Music Monday

Reflect & Grow

Good Monday morning, friends! What a beautiful day the Lord has made! Let us rejoice and be glad today and every day. Yesterday I participated in a Twitter Chat for educators — something I hadn’t done in quite some time. I truly enjoy these opportunities to chat with educators from all over the globe about those issues we all have in common no matter where we reside. It was a 30-minute chat with five questions about the importance of being a reflective leader.

I could hardly wait for the chat to start because this topic interests me. Of course, I had plenty to share, but I really wanted to hear what other school leaders (in particular) had to say. The common thread throughout our time together was growth. You really can’t grow as a teacher, leader, or just an average Joe without reflecting on your practices. That really resonated with me.

In fact, just last week, as I reflected on what had been weighing me down, I discovered that it was me and my attitude. I felt shackled! You see, as a school leader, all you hear day in and day out are complaints. Parents, colleagues, and kids complain a lot. It’s not their fault; I think we’re just wired that way. If we’re dissatisfied about something, somebody’s going to hear about it.

I’ve learned that if you’re not careful, you’ll follow that example. It doesn’t take much effort to drown out the positive things you hear all day and focus on the negative. Suffice it to say, I wasn’t careful, and I, too, had become a complainer. So, I set a goal for myself last week. I decided that I wouldn’t complain about anything — no matter how annoyed I became, I would not complain. What I did instead was come up with two “if/then” solutions. If I had the power to resolve an issue, then I would do it — even if it wasn’t my job to do it.
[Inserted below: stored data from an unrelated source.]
(* Let $\mathcal{A}$ be an abelian group. Let $M_{12}(p_1,p_2)$ be the graph with vertices $v_1,\dots,v_5$ and edges $v_1v_2$, $v_2v_3$, $v_2v_4$, $v_2v_5$, $v_3v_4$, $v_4v_5$, together with $p_1\ge 1$ pendant vertices adjacent to $v_1$ and $p_2\ge0$ pendant vertices adjacent to $v_2$. Then $M_{12}(p_1,p_2)$ is $\mathcal{A}$-vertex magic if and only if $p_2=0$, $\mathcal{A}$ contains an involution $h$, and there exist $g_1,g_2\in\mathcal{A}\setminus\{0\}$ with $g_1+g_2=h$.
   Context: An involution is an element of order $2$. A map $\ell:V(G)\to\mathcal{A}\setminus\{0\}$ is an $\mathcal{A}$-vertex magic labeling if there is $\mu\in\mathcal{A}$ with $\sum_{u\in N(v)}\ell(u)=\mu$ for every vertex $v$; $G$ is $\mathcal{A}$-vertex magic if such a labeling exists. A pendant vertex has degree $1$. *)

theory Defs
  imports Main
begin

(* A finite simple graph is given by a vertex set V and a symmetric, irreflexive
   adjacency relation E.  The open neighbourhood of v is {u \<in> V. E v u}. *)

definition nbhd :: "'v set \<Rightarrow> ('v \<Rightarrow> 'v \<Rightarrow> bool) \<Rightarrow> 'v \<Rightarrow> 'v set" where
  "nbhd V E v = {u \<in> V. E v u}"

definition vertex_magic_labeling ::
  "'v set \<Rightarrow> ('v \<Rightarrow> 'v \<Rightarrow> bool) \<Rightarrow> ('v \<Rightarrow> 'a::ab_group_add) \<Rightarrow> bool" where
  "vertex_magic_labeling V E l \<longleftrightarrow>
     (\<forall>v\<in>V. l v \<noteq> 0) \<and> (\<exists>\<mu>. \<forall>v\<in>V. (\<Sum>u\<in>nbhd V E v. l u) = \<mu>)"

definition vertex_magic ::
  "'a::ab_group_add itself \<Rightarrow> 'v set \<Rightarrow> ('v \<Rightarrow> 'v \<Rightarrow> bool) \<Rightarrow> bool" where
  "vertex_magic _ V E \<longleftrightarrow> (\<exists>l :: 'v \<Rightarrow> 'a. vertex_magic_labeling V E l)"

definition involution :: "'a::ab_group_add \<Rightarrow> bool" where
  "involution h \<longleftrightarrow> h \<noteq> 0 \<and> h + h = 0"

(* Vertices of M_12(p1,p2): core vertices Core 1..Core 5, pendants P1 j (j < p1)
   attached to Core 1 and pendants P2 j (j < p2) attached to Core 2. *)
datatype mvtx = Core nat | P1 nat | P2 nat

definition M12_V :: "nat \<Rightarrow> nat \<Rightarrow> mvtx set" where
  "M12_V p1 p2 = Core ` {1..5} \<union> P1 ` {..<p1} \<union> P2 ` {..<p2}"

definition M12_base_edge :: "mvtx \<Rightarrow> mvtx \<Rightarrow> bool" where
  "M12_base_edge x y \<longleftrightarrow>
     (x, y) \<in> {(Core 1, Core 2), (Core 2, Core 3), (Core 2, Core 4), (Core 2, Core 5),
               (Core 3, Core 4), (Core 4, Core 5)}
     \<or> (\<exists>j. x = Core 1 \<and> y = P1 j)
     \<or> (\<exists>j. x = Core 2 \<and> y = P2 j)"

definition M12_E :: "mvtx \<Rightarrow> mvtx \<Rightarrow> bool" where
  "M12_E x y \<longleftrightarrow> M12_base_edge x y \<or> M12_base_edge y x"

end

theory Submission
  imports Defs
begin

(* Necessity: the pendants at v1 force l v1 = mu, so a pendant at v2 would force l v2 = mu
   and then l v4 = 0 from the neighbourhood of v3.  With p2 = 0, comparing the neighbourhoods
   of v1 and v2 gives l v3 + l v4 + l v5 = 0, and comparing those of v3 and v4 gives
   l v3 + l v5 = l v4; hence h = l v4 is an involution split as l v3 + l v5.
   Sufficiency: label v1, ..., v5 by g1 + h, g1, g1, h, g2 and the pendants at v1 by nonzero
   elements summing to h; every neighbourhood then sums to g1 + h. *)

lemma involution_iff_neg: "involution h \<longleftrightarrow> h \<noteq> 0 \<and> - h = h"
  by (auto simp: involution_def add_eq_0_iff)

lemma involution_sum_of_nonzero:
  fixes h g1 g2 :: "'a::ab_group_add"
    and n :: nat
  assumes "involution h" "g1 \<noteq> 0" "g2 \<noteq> 0" "g1 + g2 = h" "n \<ge> 1"
  shows "\<exists>f. (\<forall>j. f j \<noteq> 0) \<and> (\<Sum>j<n. f j) = h"
  using \<open>n \<ge> 1\<close>
proof (induction n rule: nat_induct2)
  case 0
  then show ?case by simp
next
  case 1
  show ?case
    using \<open>involution h\<close> by (intro exI[of _ "\<lambda>_. h"]) (simp add: involution_def)
next
  case (step n)
  show ?case
  proof (cases "n = 0")
    case True
    show ?thesis
      using True assms(2-4)
      by (intro exI[of _ "\<lambda>j. if j = 0 then g1 else g2"]) (simp add: numeral_2_eq_2)
  next
    case False
    then obtain f where f: "\<forall>j. f j \<noteq> 0" "(\<Sum>j<n. f j) = h"
      using step.IH by auto
    have "(\<Sum>j<n + 2. if j < n then f j else h) = (\<Sum>j<n. f j) + (h + h)"
      by (simp add: numeral_2_eq_2 add.assoc)
    then show ?thesis
      using f \<open>involution h\<close>
      by (intro exI[of _ "\<lambda>j. if j < n then f j else h"]) (simp add: involution_def)
  qed
qed

lemma M12_V_iff [simp]:
  "Core k \<in> M12_V p1 p2 \<longleftrightarrow> k \<in> {1..5}"
  "P1 j \<in> M12_V p1 p2 \<longleftrightarrow> j < p1"
  "P2 j \<in> M12_V p1 p2 \<longleftrightarrow> j < p2"
  by (auto simp: M12_V_def)

lemma M12_V_cases:
  assumes "v \<in> M12_V p1 p2"
  obtains "v = Core 1" | "v = Core 2" | "v = Core 3" | "v = Core 4" | "v = Core 5"
    | j where "v = P1 j" | j where "v = P2 j" "j < p2"
proof -
  have "{1..5::nat} = {1, 2, 3, 4, 5}"
    by auto
  then show thesis
    using assms that by (auto simp: M12_V_def)
qed

lemma M12_nbhd:
  "nbhd (M12_V p1 p2) M12_E (Core 1) = insert (Core 2) (P1 ` {..<p1})"
  "nbhd (M12_V p1 p2) M12_E (Core 2) = {Core 1, Core 3, Core 4, Core 5} \<union> P2 ` {..<p2}"
  "nbhd (M12_V p1 p2) M12_E (Core 3) = {Core 2, Core 4}"
  "nbhd (M12_V p1 p2) M12_E (Core 4) = {Core 2, Core 3, Core 5}"
  "nbhd (M12_V p1 p2) M12_E (Core 5) = {Core 2, Core 4}"
  "nbhd (M12_V p1 p2) M12_E (P1 j) = {Core 1}"
  "nbhd (M12_V p1 p2) M12_E (P2 j) = {Core 2}"
  by (auto simp: nbhd_def M12_V_def M12_E_def M12_base_edge_def)

lemma M12_nbhd_sum:
  fixes l :: "mvtx \<Rightarrow> 'a::ab_group_add"
  shows
  "(\<Sum>u\<in>nbhd (M12_V p1 p2) M12_E (Core 1). l u) = l (Core 2) + (\<Sum>j<p1. l (P1 j))"
  "(\<Sum>u\<in>nbhd (M12_V p1 p2) M12_E (Core 2). l u)
     = l (Core 1) + l (Core 3) + l (Core 4) + l (Core 5) + (\<Sum>j<p2. l (P2 j))"
  "(\<Sum>u\<in>nbhd (M12_V p1 p2) M12_E (Core 3). l u) = l (Core 2) + l (Core 4)"
  "(\<Sum>u\<in>nbhd (M12_V p1 p2) M12_E (Core 4). l u) = l (Core 2) + l (Core 3) + l (Core 5)"
  "(\<Sum>u\<in>nbhd (M12_V p1 p2) M12_E (Core 5). l u) = l (Core 2) + l (Core 4)"
  "(\<Sum>u\<in>nbhd (M12_V p1 p2) M12_E (P1 j). l u) = l (Core 1)"
  "(\<Sum>u\<in>nbhd (M12_V p1 p2) M12_E (P2 j). l u) = l (Core 2)"
  unfolding M12_nbhd
  by (simp_all add: sum.union_disjoint sum.reindex inj_on_def image_iff add.assoc)

lemma M12_magic_labeling_necessary:
  fixes l :: "mvtx \<Rightarrow> 'a::ab_group_add"
  assumes "p1 \<ge> 1" and "vertex_magic_labeling (M12_V p1 p2) M12_E l"
  shows "p2 = 0" "involution (l (Core 4))" "l (Core 3) \<noteq> 0" "l (Core 5) \<noteq> 0"
    "l (Core 3) + l (Core 5) = l (Core 4)"
proof -
  obtain \<mu> where nonzero: "\<And>v. v \<in> M12_V p1 p2 \<Longrightarrow> l v \<noteq> 0"
    and magic: "\<And>v. v \<in> M12_V p1 p2 \<Longrightarrow> (\<Sum>u\<in>nbhd (M12_V p1 p2) M12_E v. l u) = \<mu>"
    using assms(2) unfolding vertex_magic_labeling_def by blast
  have v1: "l (Core 1) = \<mu>"
    using magic[of "P1 0"] \<open>p1 \<ge> 1\<close> by (simp add: M12_nbhd_sum)
  have v3: "l (Core 2) + l (Core 4) = \<mu>"
    using magic[of "Core 3"] by (simp add: M12_nbhd_sum)
  have v4: "l (Core 2) + l (Core 3) + l (Core 5) = \<mu>"
    using magic[of "Core 4"] by (simp add: M12_nbhd_sum)
  show "l (Core 3) \<noteq> 0" "l (Core 5) \<noteq> 0"
    using nonzero by simp_all
  have l4: "l (Core 4) \<noteq> 0"
    using nonzero by simp
  show p2: "p2 = 0"
  proof (rule ccontr)
    assume "p2 \<noteq> 0"
    then have "l (Core 2) = \<mu>"
      using magic[of "P2 0"] by (simp add: M12_nbhd_sum)
    with v3 l4 show False by simp
  qed
  have v2: "l (Core 1) + l (Core 3) + l (Core 4) + l (Core 5) = \<mu>"
    using magic[of "Core 2"] p2 by (simp add: M12_nbhd_sum)
  have "l (Core 2) + (l (Core 3) + l (Core 5)) = l (Core 2) + l (Core 4)"
    using v3 v4 by (simp add: add.assoc)
  then show l4_split: "l (Core 3) + l (Core 5) = l (Core 4)"
    by (rule add_left_imp_eq)
  have "l (Core 1) + (l (Core 4) + (l (Core 3) + l (Core 5))) = l (Core 1) + 0"
    using v1 v2 by (simp add: algebra_simps)
  then have "l (Core 4) + (l (Core 3) + l (Core 5)) = 0"
    by (rule add_left_imp_eq)
  with l4 show "involution (l (Core 4))"
    unfolding involution_def l4_split by blast
qed

lemma M12_magic_labeling_exists:
  fixes h g1 g2 :: "'a::ab_group_add"
  assumes "p1 \<ge> 1" "involution h" "g1 \<noteq> 0" "g2 \<noteq> 0" "g1 + g2 = h"
  shows "\<exists>l :: mvtx \<Rightarrow> 'a. vertex_magic_labeling (M12_V p1 0) M12_E l"
proof -
  obtain f where f_nonzero: "\<forall>j. f j \<noteq> 0" and f_sum: "(\<Sum>j<p1. f j) = h"
    using involution_sum_of_nonzero[OF assms(2-5,1)] by blast
  have neg_h: "- h = h" and "h \<noteq> 0"
    using \<open>involution h\<close> by (simp_all add: involution_iff_neg)
  have "g1 + h \<noteq> 0"
    using assms(4,5) neg_h by (auto simp: add_eq_0_iff)
  define l :: "mvtx \<Rightarrow> 'a" where
    "l v = (case v of Core k \<Rightarrow> (if k = 1 then g1 + h else if k = 4 then h
               else if k = 5 then g2 else g1)
             | P1 j \<Rightarrow> f j | P2 j \<Rightarrow> h)" for v
  have l_simps: "l (Core 1) = g1 + h" "l (Core 2) = g1" "l (Core 3) = g1" "l (Core 4) = h"
    "l (Core 5) = g2" "l (P1 j) = f j" for j
    by (simp_all add: l_def)
  have "g1 + h + g1 + h + g2 = g1 + (g1 + g2) + (h + h)"
    by (simp add: algebra_simps)
  also have "\<dots> = g1 + h"
    using assms(2,5) by (simp add: involution_def)
  finally have sum_at_v2: "g1 + h + g1 + h + g2 = g1 + h" .
  have "l v \<noteq> 0 \<and> (\<Sum>u\<in>nbhd (M12_V p1 0) M12_E v. l u) = g1 + h" if "v \<in> M12_V p1 0" for v
    using that
  proof (cases rule: M12_V_cases)
    case 1
    then show ?thesis
      using \<open>g1 + h \<noteq> 0\<close> by (simp only: M12_nbhd_sum l_simps f_sum) simp
  next
    case 2
    then show ?thesis
      using assms(3) by (simp only: M12_nbhd_sum l_simps sum_at_v2 lessThan_0 sum.empty add_0_right) simp
  next
    case 3
    then show ?thesis
      using assms(3) by (simp only: M12_nbhd_sum l_simps) simp
  next
    case 4
    then show ?thesis
      using \<open>h \<noteq> 0\<close> by (simp only: M12_nbhd_sum l_simps add.assoc assms(5)) simp
  next
    case 5
    then show ?thesis
      using assms(4) by (simp only: M12_nbhd_sum l_simps) simp
  next
    case (6 j)
    then show ?thesis
      using f_nonzero by (simp only: M12_nbhd_sum l_simps) simp
  next
    case (7 j)
    then show ?thesis
      by simp
  qed
  then have "vertex_magic_labeling (M12_V p1 0) M12_E l"
    unfolding vertex_magic_labeling_def by (auto intro!: exI[of _ "g1 + h"])
  then show ?thesis by blast
qed

theorem proposition4p10:
  fixes p1 p2 :: nat
  assumes "p1 \<ge> 1"
  shows "vertex_magic TYPE('a::ab_group_add) (M12_V p1 p2) M12_E \<longleftrightarrow>
           p2 = 0 \<and> (\<exists>h::'a. involution h \<and>
              (\<exists>g1 g2::'a. g1 \<noteq> 0 \<and> g2 \<noteq> 0 \<and> g1 + g2 = h))"
proof
  assume "vertex_magic TYPE('a::ab_group_add) (M12_V p1 p2) M12_E"
  then obtain l :: "mvtx \<Rightarrow> 'a" where "vertex_magic_labeling (M12_V p1 p2) M12_E l"
    unfolding vertex_magic_def by blast
  from M12_magic_labeling_necessary[OF assms this]
  show "p2 = 0 \<and> (\<exists>h::'a. involution h \<and> (\<exists>g1 g2::'a. g1 \<noteq> 0 \<and> g2 \<noteq> 0 \<and> g1 + g2 = h))"
    by blast
next
  assume "p2 = 0 \<and> (\<exists>h::'a. involution h \<and> (\<exists>g1 g2::'a. g1 \<noteq> 0 \<and> g2 \<noteq> 0 \<and> g1 + g2 = h))"
  then show "vertex_magic TYPE('a::ab_group_add) (M12_V p1 p2) M12_E"
    using M12_magic_labeling_exists[OF assms] unfolding vertex_magic_def by blast
qed

end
If something was out of my control, I’d seek help and attempt to resolve the issue without complaining. This was definitely a challenge because it’s so much easier to complain rather than keeping your mouth shut. I think I did ok, but this week I’ll do better.

Forgetting what lies behind and reaching forward to what lies ahead, 14 I press on toward the goal to win the [heavenly] prize of the upward call of God in Christ Jesus. 15 All of us who are mature [pursuing spiritual perfection] should have this attitude. ~Philippians 3:13-15

I think it’s important to reflect on who you were yesterday, and try to be better than that person. John Dewey once said that “We don’t learn from experience. We learn from reflecting on experience.” Imagine a world where we didn’t reflect on our practices — a place where outcomes would be the same because the input would be the same. If you want to reap something different, you must sow something different. It’s really that simple. What will you do differently today in order to get a different outcome? Scroll down to the comments, and join me there.

Before you leave today, turn up the volume and get ready to dance to my Music Monday selection by Mary Mary entitled “Shackles.”

NOTE – BIble verse courtesy of Biblegateway.com and Featured Image courtesy of Google Royalty-Free Images

On Your Knees

What a difference a day makes! Yesterday started out unseasonably warm and overcast. As the day progressed, the sun came out to tease all who dared to revel in it, and then suddenly, the rain came. Thunderous rain peppered with hail drowned out all previously audible signs of a typical Saturday afternoon for nearly an hour before finally dissipating — revealing a cool, crisp evening fit for a brisk, after-dinner walk.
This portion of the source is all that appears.